1:            ldmia       r2!, {r9 - r14}        @ copy relocation code

              stmia       r1!, {r9 - r14}

              ldmia       r2!, {r9 - r14}

              stmia       r1!, {r9 - r14}

              cmp r2, r3

              blo       1b

 

              bl       cache_clean_flush//因为有代码搬移,所以必须先清理(clean)清除(flush)cache。

              add       pc, r5, r0        @ call relocation code

decompress_kernel共有4个参数,解压的内核地址、缓存区首地址、缓存区尾地址、和芯片ID,返回解压缩代码的长度。

/*

 * We're not in danger of overwriting ourselves. Do this the simple way.

 *

 * r4     = kernel execution address

 * r7     = architecture ID

 */

wont_overwrite:      

              mov r0, r4

              mov r3, r7

              bl       decompress_kernel

              b       call_kernel

针对于不会出现代码覆盖的情况,就简单了。
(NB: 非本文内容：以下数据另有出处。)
lemma std_normal_density_le_if_r_le:
  assumes "s > 0" and "r s \<le> m"
  shows "std_normal_density (s - m / s) \<le> s / 8"
proof -
  define c where "c = 4 * sqrt 2 / sqrt pi"
  have c_pos: "c > 0" and c_sqrt: "sqrt (2 * pi) * c = 8"
    unfolding c_def by (simp_all add: real_sqrt_mult field_simps)
  have "exp (- (s - m / s)\<^sup>2 / 2) \<le> s / c"
  proof (cases "s \<le> c")
    case True
    define L where "L = ln (c / s)"
    have L_nonneg: "0 \<le> L"
      unfolding L_def using True assms by simp
    have "s * sqrt (2 * L) \<le> m - s\<^sup>2"
      using assms(2) True unfolding r_def L_def c_def by (simp add: field_simps)
    then have "sqrt (2 * L) \<le> m / s - s"
      using assms(1) by (simp add: field_simps power2_eq_square)
    then have "2 * L \<le> (s - m / s)\<^sup>2"
      using L_nonneg power_mono[of "sqrt (2 * L)" "m / s - s" 2] by (simp add: power2_commute)
    then have "exp (- (s - m / s)\<^sup>2 / 2) \<le> exp (- L)"
      by simp
    also have "exp (- L) = s / c"
      unfolding L_def using assms(1) c_pos by (simp add: ln_div exp_diff)
    finally show ?thesis .
  next
    case False
    have "exp (- (s - m / s)\<^sup>2 / 2) \<le> 1"
      by simp
    also have "1 \<le> s / c"
      using False c_pos by simp
    finally show ?thesis .
  qed
  then have "exp (- (s - m / s)\<^sup>2 / 2) / sqrt (2 * pi) \<le> s / c / sqrt (2 * pi)"
    by (rule divide_right_mono) simp
  then have "std_normal_density (s - m / s) \<le> s / c / sqrt (2 * pi)"
    by (simp add: std_normal_density_def)
  also have "\<dots> = s / 8"
    using c_sqrt by (simp add: field_simps)
  finally show ?thesis .
qed

lemma g_lower_bound:
  assumes "s > 0" and "s\<^sup>2 \<le> \<bar>m\<bar>"
  shows "exp (s\<^sup>2 / 2 - \<bar>m\<bar>) / 2 \<le> g s m"
proof -
  have "s - \<bar>m\<bar> / s \<le> 0"
    using assms by (simp add: field_simps power2_eq_square)
  then have tail_ge: "1 / 2 \<le> std_normal_tail (s - \<bar>m\<bar> / s)"
    using std_normal_tail_antimono std_normal_tail_0 by metis
  have "exp (s\<^sup>2 / 2 - \<bar>m\<bar>) * std_normal_tail (s - \<bar>m\<bar> / s) \<le> g s m"
    using g_eq_std_normal_tail[OF assms(1), of m]
      std_normal_tail_nonneg[of "s - m / s"] std_normal_tail_nonneg[of "s + m / s"]
    by (cases "0 \<le> m") simp_all
  moreover have "exp (s\<^sup>2 / 2 - \<bar>m\<bar>) / 2 \<le> exp (s\<^sup>2 / 2 - \<bar>m\<bar>) * std_normal_tail (s - \<bar>m\<bar> / s)"
    using tail_ge by simp
  ultimately show ?thesis
    by linarith
qed
lemma rayleigh_maximiser_exists:
  fixes M :: "real^'a^'a"
  assumes W: "subspace W" and z: "z \<in> W" "z \<noteq> 0"
  obtains x where "x \<in> W" "x \<bullet> x = 1" "\<And>y. y \<in> W \<Longrightarrow> y \<bullet> (M *v y) \<le> (x \<bullet> (M *v x)) * (y \<bullet> y)"
proof -
  define S where "S = sphere 0 1 \<inter> W"
  have "z /\<^sub>R norm z \<in> S"
    using z W unfolding S_def by (simp add: subspace_scale)
  then have "S \<noteq> {}" by blast
  moreover have "compact S"
    unfolding S_def using W by (intro compact_Int_closed compact_sphere closed_subspace)
  moreover have "continuous_on S (\<lambda>x. x \<bullet> (M *v x))"
    by (intro continuous_on_inner continuous_on_id matrix_vector_mult_linear_continuous_on)
  ultimately obtain x where xS: "x \<in> S" and x_max: "\<And>y. y \<in> S \<Longrightarrow> y \<bullet> (M *v y) \<le> x \<bullet> (M *v x)"
    using continuous_attains_sup by metis
  have "y \<bullet> (M *v y) \<le> (x \<bullet> (M *v x)) * (y \<bullet> y)" if "y \<in> W" for y
  proof (cases "y = 0")
    case False
    then have "y /\<^sub>R norm y \<in> S" using that W unfolding S_def by (simp add: subspace_scale)
    then have "(y /\<^sub>R norm y) \<bullet> (M *v (y /\<^sub>R norm y)) \<le> x \<bullet> (M *v x)" by (rule x_max)
    then have "(y \<bullet> (M *v y)) / (norm y)\<^sup>2 \<le> x \<bullet> (M *v x)"
      by (simp add: matrix_vector_mult_scaleR power2_eq_square divide_inverse mult_ac)
    then show ?thesis using False by (simp add: divide_le_eq power2_norm_eq_inner)
  qed simp
  moreover have "x \<in> W" "x \<bullet> x = 1" using xS unfolding S_def by (auto simp: norm_eq_1)
  ultimately show ?thesis using that by blast
qed
(* Let $0<\varpi<2$ and $0\le\beta_s\le1$. Let $X$ be a binary random variable with distribution $(p,1-p)$, $p\in[0,1]$, and let $Y$ be the binary output of the channel with transition matrix $$p(y\mid x)=\begin{pmatrix}1-\beta_s&\beta_s\\ \beta_s&1-\beta_s\end{pmatrix}.$$ Then the message importance loss capacity is $$C(\varpi,\beta_s)=\max_{p\in[0,1]}\big\{L(\varpi,X)-L(\varpi,X\mid Y)\big\}=e^{\varpi/2}-\big(\beta_s e^{\varpi(1-\beta_s)}+(1-\beta_s)e^{\varpi\beta_s}\big),$$ the maximum being attained at the uniform input $p=1/2$.
   Context: For a discrete random variable $X$ with distribution $\{p(x_1),\dots,p(x_n)\}$ the message importance measure (MIM) is $L(\varpi,X)=\sum_i p(x_i)e^{\varpi(1-p(x_i))}$. For a pair $(X,Y)$ with joint law $p(x_i)p(y_j\mid x_i)$, $p(y_j)=\sum_i p(x_i)p(y_j\mid x_i)$ and $p(x_i\mid y_j)=p(x_i)p(y_j\mid x_i)/p(y_j)$, the conditional message importance measure (CMIM) is $L(\varpi,X\mid Y)=\sum_{j:\,p(y_j)>0} p(y_j)\sum_i p(x_i\mid y_j)e^{\varpi(1-p(x_i\mid y_j))}$. For a fixed transition matrix $p(y\mid x)$, the message importance loss capacity (MILC) is $C=\max_{p(x)}\{L(\varpi,X)-L(\varpi,X\mid Y)\}$, the maximum over input distributions. *)

theory Defs
  imports "HOL-Analysis.Analysis"
begin

definition MIM :: "real \<Rightarrow> ('a::finite \<Rightarrow> real) \<Rightarrow> real" where
  "MIM w px = (\<Sum>x\<in>UNIV. px x * exp (w * (1 - px x)))"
直接解压缩内核并且跳转到首地址运行。call_kernel这个函数我们会在下面分析它。

              .type       LC0, #object

LC0:          .word       LC0                      @ r1

              .word       __bss_start              @ r2

              .word       _end                     @ r3

              .word       zreladdr          @ r4

              .word       _start                    @ r5

              .word       _got_start              @ r6

              .word       _got_end                @ ip

              .word       user_stack+4096         @ sp

LC1:          .word       reloc_end - reloc_start

              .size       LC0, . - LC0

上面这个就是刚才我们说过的地址表,里面有几个符号的地址定义。LC0是在这里定义的。Zreladdr是在当前目录下的Makfile里定义的。其他的符号是在lds里定义的。

下面我们来分析一下有关cache和mmu的代码。通过这些代码我们可以看到Linux的高手们是如何通过汇编来实现各个ARM处理器的识别,以达到通用的目的。

/*

 * Turn on the cache.  We need to setup some page tables so that we

 * can have both the I and D caches on.

 *

 * We place the page tables 16k down from the kernel execution address,

 * and we hope that nothing else is using it.  If we're using it, we

 * will go pop!

 *

 * On entry,

 *  r4 = kernel execution address

 *  r6 = processor ID

 *  r7 = architecture number

 *  r8 = atags pointer

 *  r9 = run-time address of "start"  (???)

 * On exit,

 *  r1, r2, r3, r9, r10, r12 corrupted

 * This routine must preserve:

 *  r4, r5, r6, r7, r8

 */

               .align       5

cache_on:       mov r3, #8                     @ cache_on function

              b       call_cache_fn

这里涉及到了很多MMU、cache、writebuffer、TLB的操作和协处理器的编程。具体编程的东西,我就不想多说了,可以对这ARM的 手册逐行的理解。至于为什么要这样做,熟悉了他们的工作原理后也就不难理解了(《ARM嵌入式系统开发》这本书就有个比较好的说明)。因为这里包含了太多 的代码搬运、解压等费时的操作,所以打开cache是有必要的。由于要用到数据cache所以需要对mmu进行配置。为了简单这里制作了一级映射,而且是 物理地址和虚拟地址相同的1:1映射。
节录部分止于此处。